We then calculated gRNA enrichment or depletion relative to scramble for each cluster (Fig. 4C). K-means clustering segregated gRNA containing cells into five classes based on enrichment/depletion patterns (Fig. 4B,C). The two scramble gRNAs and YAP1 gRNAs clustered together. The OLIG2 gRNA enrichment pattern also clustered with the scramble and YAP1 gRNAs; this might reflect the earlier stage of development and the limited number of neural progenitors in the screen dataset compared to the pilot experiments. Principal component analysis revealed the largest variation in enrichment/depletion (47.4%) was driven by depletion in clusters representing ventral neural tube progenitors and pre-neural tube (Dim1; Fig. 4D). PC2 (33.7% variation) represented enrichment/depletion in clusters corresponding to the CLE, node-streak border, and medial pre-neural tube (Dim2; Fig. 4D). PC3 (9.1% variance) involved clusters representing the dorsal neural tube (Fig. 4D). This cluster analysis reveals that many perturbations either affected the ability of cells to become neural (PCA1) or their ability to remain in the CLE and maintain stemness.
Following the overarching trend of tight regulation of CLE exit, gRNAs targeting genes encoding FGF receptors 1 and 2, the ERK/FGF inhibitor DUSP6, and retinoic acid receptors RARα and RARβ clustered together and showed enrichment of cells in clusters containing axial progenitors and depletion in those containing neural fates. FGF and retinoic acid pathways regulate the establishment of the neuroepithelium and the exit of cells from the CLE with opposing roles in maintaining stemness (FGF) and promoting differentiation (RA) (Diez Del Corral and Storey, 2004; Del Corral et al., 2003). The co-enrichment of FGF receptor and RAR KOs in the CLE is consistent with the necessity of these pathways for the CLE-to-neural transition. Additionally, FGFR3 and the FGF inhibitor SPRY2 were depleted from the CLE, clustering with steroid signalling or WNT signalling (GREB1, TBXT, MLLT3 and EMX2). This suggests roles for these pathways in maintaining CLE populations. Overall, examining changes in KO cell ratios identified two main contributors to acquisition of cell fate: the ability to differentiate to neural fates and an increase/depletion from the progenitor pool of the caudal epiblast.
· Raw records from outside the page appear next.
(* Fix an attacker label $A\in\mathcal{L}$. For all initial configurations $c_1,c_2$ of $\lambda^{dCG}$ (either both of the form $\langle\Sigma,pc,e\rangle$ evaluated with the forcing semantics, or both of the form $\langle\Sigma,pc,t\rangle$ evaluated with the thunk semantics), all environments $\theta_1,\theta_2$, and all final configurations $c_1',c_2'$: if $c_1\Downarrow^{\theta_1}c_1'$, $c_2\Downarrow^{\theta_2}c_2'$, $\theta_1\approx_A\theta_2$ and $c_1\approx_A c_2$, then $c_1'\approx_A c_2'$.
   Context: Fix a lattice $(\mathcal{L},\sqsubseteq,\sqcup)$ of labels. The coarse-grained calculus $\lambda^{dCG}$ has types $\tau::=\mathbf{unit}\mid\tau_1\to\tau_2\mid\tau_1+\tau_2\mid\tau_1\times\tau_2\mid\mathcal{L}\mid\mathbf{LIO}\,\tau\mid\mathbf{Labeled}\,\tau\mid\mathbf{Ref}\,\tau$ (standard simple type system), values $v::=()\mid(x.e,\theta)\mid\mathbf{inl}(v)\mid\mathbf{inr}(v)\mid(v_1,v_2)\mid\ell\mid\mathbf{Labeled}\,\ell\,v\mid(t,\theta)\mid n_\ell$, expressions $e::=x\mid\lambda x.e\mid e_1\,e_2\mid()\mid\ell\mid(e_1,e_2)\mid\mathbf{fst}(e)\mid\mathbf{snd}(e)\mid\mathbf{inl}(e)\mid\mathbf{inr}(e)\mid\mathbf{case}(e,x.e_1,x.e_2)\mid e_1\sqsubseteq^{?}e_2\mid t$, and thunks $t::=\mathbf{return}(e)\mid\mathbf{bind}(e,x.e)\mid\mathbf{unlabel}(e)\mid\mathbf{toLabeled}(e)\mid\mathbf{labelOf}(e)\mid\mathbf{getLabel}\mid\mathbf{taint}(e)\mid\mathbf{new}(e)\mid\,!e\mid e_1:=e_2\mid\mathbf{labelOfRef}(e)$. Environments $\theta$ are finite maps from variables to values; $(x.e,\theta)$ is a function closure and $(t,\theta)$ a thunk closure. Memories are finite lists $M$ of values ($|M|$ length, $M[n]$ entry, $M[n\mapsto v]$ replace/append at $n=|M|$); a store $\Sigma$ assigns a memory to each label. Pure semantics $e\Downarrow^{\theta}v$ (call-by-value, security-unaware): $x\Downarrow\theta(x)$; $()\Downarrow()$; $\ell\Downarrow\ell$; $\lambda x.e\Downarrow(x.e,\theta)$; $t\Downarrow(t,\theta)$ for a thunk $t$; $e_1\,e_2\Downarrow v$ if $e_1\Downarrow^{\theta}(x.e,\theta')$, $e_2\Downarrow^{\theta}v_2$, $e\Downarrow^{\theta'[x\mapsto v_2]}v$; pairs, projections and injections evaluate componentwise; $\mathbf{case}(e,x.e_1,x.e_2)\Downarrow v$ if $e\Downarrow^\theta\mathbf{inl}(v_1)$ and $e_1\Downarrow^{\theta[x\mapsto v_1]}v$, or $e\Downarrow^\theta\mathbf{inr}(v_2)$ and $e_2\Downarrow^{\theta[x\mapsto v_2]}v$; $e_1\sqsubseteq^{?}e_2$ evaluates both sides to labels $\ell_1,\ell_2$ and returns $\mathbf{inl}(())$ if $\ell_1\sqsubseteq\ell_2$, else $\mathbf{inr}(())$. Forcing semantics: $\langle\Sigma,pc,e\rangle\Downarrow^{\theta}\langle\Sigma',pc',v\rangle$ iff $e\Downarrow^{\theta}(t,\theta')$ and $\langle\Sigma,pc,t\rangle\Downarrow^{\theta'}\langle\Sigma',pc',v\rangle$. Thunk semantics (mutually defined): (Return) if $e\Downarrow^\theta v$ then $\langle\Sigma,pc,\mathbf{return}(e)\rangle\Downarrow^\theta\langle\Sigma,pc,v\rangle$. (Bind) if $\langle\Sigma,pc,e_1\rangle\Downarrow^\theta\langle\Sigma',pc',v_1\rangle$ and $\langle\Sigma',pc',e_2\rangle\Downarrow^{\theta[x\mapsto v_1]}\langle\Sigma'',pc'',v\rangle$ (forcing) then $\mathbf{bind}(e_1,x.e_2)$ yields $\langle\Sigma'',pc'',v\rangle$. (ToLabeled) if $\langle\Sigma,pc,e\rangle\Downarrow^\theta\langle\Sigma',pc',v\rangle$ then $\mathbf{toLabeled}(e)$ yields $\langle\Sigma',pc,\mathbf{Labeled}\,pc'\,v\rangle$. (Unlabel) if $e\Downarrow^\theta\mathbf{Labeled}\,\ell\,v$ then $\mathbf{unlabel}(e)$ yields $\langle\Sigma,pc\sqcup\ell,v\rangle$. (LabelOf) if $e\Downarrow^\theta\mathbf{Labeled}\,\ell\,v$ then $\mathbf{labelOf}(e)$ yields $\langle\Sigma,pc\sqcup\ell,\ell\rangle$. (GetLabel) yields $\langle\Sigma,pc,pc\rangle$. (Taint) if $e\Downarrow^\theta\ell$ then $\mathbf{taint}(e)$ yields $\langle\Sigma,pc\sqcup\ell,()\rangle$. (New) if $e\Downarrow^\theta\mathbf{Labeled}\,\ell\,v$, $pc\sqsubseteq\ell$, $n=|\Sigma(\ell)|$, then $\mathbf{new}(e)$ yields $\langle\Sigma[\ell\mapsto\Sigma(\ell)[n\mapsto v]],pc,n_\ell\rangle$. (Read) if $e\Downarrow^\theta n_\ell$ and $\Sigma(\ell)[n]=v$ then $!e$ yields $\langle\Sigma,pc\sqcup\ell,v\rangle$. (Write) if $e_1\Downarrow^\theta n_{\ell_1}$, $e_2\Downarrow^\theta\mathbf{Labeled}\,\ell_2\,v$, $\ell_2\sqsubseteq\ell_1$, $pc\sqsubseteq\ell_1$, then $e_1:=e_2$ yields $\langle\Sigma[\ell_1\mapsto\Sigma(\ell_1)[n\mapsto v]],pc,()\rangle$. (LabelOfRef) if $e\Downarrow^\theta n_\ell$ then $\mathbf{labelOfRef}(e)$ yields $\langle\Sigma,pc\sqcup\ell,\ell\rangle$. Final configurations are $\langle\Sigma,pc,v\rangle$. $A$-equivalence $\approx_A$ on values: $\mathbf{Labeled}\,\ell\,v_1\approx_A\mathbf{Labeled}\,\ell\,v_2$ if $\ell\sqsubseteq A$ and $v_1\approx_A v_2$; $\mathbf{Labeled}\,\ell_1\,v_1\approx_A\mathbf{Labeled}\,\ell_2\,v_2$ if $\ell_1,\ell_2\not\sqsubseteq A$; $()\approx_A()$, $\ell\approx_A\ell$; injections and pairs homomorphically (same injection, related components); function closures $(x.e_1,\theta_1)\approx_A(x.e_2,\theta_2)$ and thunk closures $(t_1,\theta_1)\approx_A(t_2,\theta_2)$ if the bodies are $\alpha$-equivalent and $\theta_1\approx_A\theta_2$ (same domain, pointwise related); $n_\ell\approx_A n_\ell$ if $\ell\sqsubseteq A$; $(n_1)_{\ell_1}\approx_A(n_2)_{\ell_2}$ if $\ell_1,\ell_2\not\sqsubseteq A$. Memories at label $\ell$: always related if $\ell\not\sqsubseteq A$, otherwise same length and pointwise related; stores pointwise. Initial configurations: $\langle\Sigma_1,pc_1,e_1\rangle\approx_A\langle\Sigma_2,pc_2,e_2\rangle$ iff $\Sigma_1\approx_A\Sigma_2$, $pc_1=pc_2$ and $e_1,e_2$ $\alpha$-equivalent (same for thunks). Final configurations: $\langle\Sigma_1,pc_1,v_1\rangle\approx_A\langle\Sigma_2,pc_2,v_2\rangle$ iff $\Sigma_1\approx_A\Sigma_2$ and either $pc_1\not\sqsubseteq A$ and $pc_2\not\sqsubseteq A$, or $pc_1=pc_2\sqsubseteq A$ and $v_1\approx_A v_2$. *)

theory Defs
  imports Main
begin

(* Labels: elements of a lattice type 'l; \<sqsubseteq> is \<le>, \<squnion> is sup.
   Variables are de Bruijn indices, so alpha-equivalence of bodies is syntactic
   equality; an environment \<theta> is a list of values (index i \<mapsto> \<theta>!i). *)

datatype 'l exp =
    Var nat
  | Lam "'l exp"                       (* \<lambda>x.e, binds index 0 *)
  | App "'l exp" "'l exp"
  | UnitE
  | LabE 'l
  | PairE "'l exp" "'l exp"
  | Fst "'l exp"
  | Snd "'l exp"
  | InlE "'l exp"
  | InrE "'l exp"
  | Case "'l exp" "'l exp" "'l exp"   (* case(e, x.e1, x.e2), e1/e2 bind index 0 *)
  | LeqQ "'l exp" "'l exp"
  | ThunkE "'l thunk"
and 'l thunk =
    Return "'l exp"
  | Bind "'l exp" "'l exp"            (* bind(e1, x.e2), e2 binds index 0 *)
  | Unlabel "'l exp"
  | ToLabeled "'l exp"
  | LabelOf "'l exp"
  | GetLabel
  | Taint "'l exp"
  | New "'l exp"
  | Read "'l exp"
  | Write "'l exp" "'l exp"
  | LabelOfRef "'l exp"

datatype 'l val =
    VUnit
  | VClos "'l exp" "'l val list"
  | VInl "'l val"
  | VInr "'l val"
  | VPair "'l val" "'l val"
  | VLab 'l
  | VLabeled 'l "'l val"
  | VThunk "'l thunk" "'l val list"
  | VRef nat 'l

type_synonym 'l env = "'l val list"
type_synonym 'l mem = "'l val list"
type_synonym 'l store = "'l \<Rightarrow> 'l mem"

inductive pure_eval :: "'l::lattice env \<Rightarrow> 'l exp \<Rightarrow> 'l val \<Rightarrow> bool" where
  PVar: "i < length \<theta> \<Longrightarrow> pure_eval \<theta> (Var i) (\<theta> ! i)"
| PUnit: "pure_eval \<theta> UnitE VUnit"
| PLab: "pure_eval \<theta> (LabE l) (VLab l)"
| PLam: "pure_eval \<theta> (Lam e) (VClos e \<theta>)"
| PThunk: "pure_eval \<theta> (ThunkE t) (VThunk t \<theta>)"
| PApp: "pure_eval \<theta> e1 (VClos e \<theta>') \<Longrightarrow> pure_eval \<theta> e2 v2 \<Longrightarrow>
         pure_eval (v2 # \<theta>') e v \<Longrightarrow> pure_eval \<theta> (App e1 e2) v"
| PPair: "pure_eval \<theta> e1 v1 \<Longrightarrow> pure_eval \<theta> e2 v2 \<Longrightarrow> pure_eval \<theta> (PairE e1 e2) (VPair v1 v2)"
| PFst: "pure_eval \<theta> e (VPair v1 v2) \<Longrightarrow> pure_eval \<theta> (Fst e) v1"
| PSnd: "pure_eval \<theta> e (VPair v1 v2) \<Longrightarrow> pure_eval \<theta> (Snd e) v2"
| PInl: "pure_eval \<theta> e v \<Longrightarrow> pure_eval \<theta> (InlE e) (VInl v)"
| PInr: "pure_eval \<theta> e v \<Longrightarrow> pure_eval \<theta> (InrE e) (VInr v)"
| PCaseL: "pure_eval \<theta> e (VInl v1) \<Longrightarrow> pure_eval (v1 # \<theta>) e1 v \<Longrightarrow>
           pure_eval \<theta> (Case e e1 e2) v"
| PCaseR: "pure_eval \<theta> e (VInr v2) \<Longrightarrow> pure_eval (v2 # \<theta>) e2 v \<Longrightarrow>
           pure_eval \<theta> (Case e e1 e2) v"
| PLeqT: "pure_eval \<theta> e1 (VLab l1) \<Longrightarrow> pure_eval \<theta> e2 (VLab l2) \<Longrightarrow> l1 \<le> l2 \<Longrightarrow>
          pure_eval \<theta> (LeqQ e1 e2) (VInl VUnit)"
| PLeqF: "pure_eval \<theta> e1 (VLab l1) \<Longrightarrow> pure_eval \<theta> e2 (VLab l2) \<Longrightarrow> \<not> l1 \<le> l2 \<Longrightarrow>
          pure_eval \<theta> (LeqQ e1 e2) (VInr VUnit)"

(* M[n \<mapsto> v]: replace entry n, or append when n = |M| (only defined for n \<le> |M|) *)
definition mem_upd :: "'a list \<Rightarrow> nat \<Rightarrow> 'a \<Rightarrow> 'a list" where
  "mem_upd M n v = (if n < length M then M[n := v] else M @ [v])"

inductive force_eval :: "'l::lattice env \<Rightarrow> 'l store \<Rightarrow> 'l \<Rightarrow> 'l exp \<Rightarrow> 'l store \<Rightarrow> 'l \<Rightarrow> 'l val \<Rightarrow> bool"
  and thunk_eval :: "'l::lattice env \<Rightarrow> 'l store \<Rightarrow> 'l \<Rightarrow> 'l thunk \<Rightarrow> 'l store \<Rightarrow> 'l \<Rightarrow> 'l val \<Rightarrow> bool"
where
  Force: "pure_eval \<theta> e (VThunk t \<theta>') \<Longrightarrow> thunk_eval \<theta>' \<Sigma> pc t \<Sigma>' pc' v \<Longrightarrow>
          force_eval \<theta> \<Sigma> pc e \<Sigma>' pc' v"
| TReturn: "pure_eval \<theta> e v \<Longrightarrow> thunk_eval \<theta> \<Sigma> pc (Return e) \<Sigma> pc v"
| TBind: "force_eval \<theta> \<Sigma> pc e1 \<Sigma>' pc' v1 \<Longrightarrow> force_eval (v1 # \<theta>) \<Sigma>' pc' e2 \<Sigma>'' pc'' v \<Longrightarrow>
          thunk_eval \<theta> \<Sigma> pc (Bind e1 e2) \<Sigma>'' pc'' v"
| TToLabeled: "force_eval \<theta> \<Sigma> pc e \<Sigma>' pc' v \<Longrightarrow>
          thunk_eval \<theta> \<Sigma> pc (ToLabeled e) \<Sigma>' pc (VLabeled pc' v)"
| TUnlabel: "pure_eval \<theta> e (VLabeled l v) \<Longrightarrow>
          thunk_eval \<theta> \<Sigma> pc (Unlabel e) \<Sigma> (sup pc l) v"
| TLabelOf: "pure_eval \<theta> e (VLabeled l v) \<Longrightarrow>
          thunk_eval \<theta> \<Sigma> pc (LabelOf e) \<Sigma> (sup pc l) (VLab l)"
| TGetLabel: "thunk_eval \<theta> \<Sigma> pc GetLabel \<Sigma> pc (VLab pc)"
| TTaint: "pure_eval \<theta> e (VLab l) \<Longrightarrow>
          thunk_eval \<theta> \<Sigma> pc (Taint e) \<Sigma> (sup pc l) VUnit"
| TNew: "pure_eval \<theta> e (VLabeled l v) \<Longrightarrow> pc \<le> l \<Longrightarrow> n = length (\<Sigma> l) \<Longrightarrow>
          thunk_eval \<theta> \<Sigma> pc (New e) (\<Sigma>(l := mem_upd (\<Sigma> l) n v)) pc (VRef n l)"
| TRead: "pure_eval \<theta> e (VRef n l) \<Longrightarrow> n < length (\<Sigma> l) \<Longrightarrow> \<Sigma> l ! n = v \<Longrightarrow>
          thunk_eval \<theta> \<Sigma> pc (Read e) \<Sigma> (sup pc l) v"
| TWrite: "pure_eval \<theta> e1 (VRef n l1) \<Longrightarrow> pure_eval \<theta> e2 (VLabeled l2 v) \<Longrightarrow>
          l2 \<le> l1 \<Longrightarrow> pc \<le> l1 \<Longrightarrow> n \<le> length (\<Sigma> l1) \<Longrightarrow>
          thunk_eval \<theta> \<Sigma> pc (Write e1 e2) (\<Sigma>(l1 := mem_upd (\<Sigma> l1) n v)) pc VUnit"
| TLabelOfRef: "pure_eval \<theta> e (VRef n l) \<Longrightarrow>
          thunk_eval \<theta> \<Sigma> pc (LabelOfRef e) \<Sigma> (sup pc l) (VLab l)"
CMTM8, GREB1, MLLT3, and SPRY2 perturbation causes similar downstream gene misregulation
As the perturbation of transition-associated genes affected the CLE-to-neural fate commitment, we then investigated disrupted gene expression that might lead to this change in differentiation. To test this, we first examined the full set of gRNAs, regardless of enrichment/depletion distributions compared to scramble controls. To focus on neural fate decisions, we analysed changes in the expression of the top 500 cESFW-selected genes per cluster from our wild-type dataset (2505 total genes). Using the package scMAGeCK, designed to identify gene regulation in pooled CRISPR screens (Yang et al., 2020), we generated lists of differentially expressed genes resulting from each gRNA and performed K-means clustering to group KOs with similar effects. There was a high level of variability between the differentially expressed genes for each KO, exemplified by the near-linear intra-cluster distance loss (Fig. S7C). However, calculating the Jaccard distances between the misregulated genes for each gRNA (Fig. 4E) revealed a group of consistently misregulated genes associated with CMTM8, GREB1, MLLT3, SPRY2, EMX2, and TBXT gRNAs (maximum Jaccard distance of 0.2, indicating 20% overlap).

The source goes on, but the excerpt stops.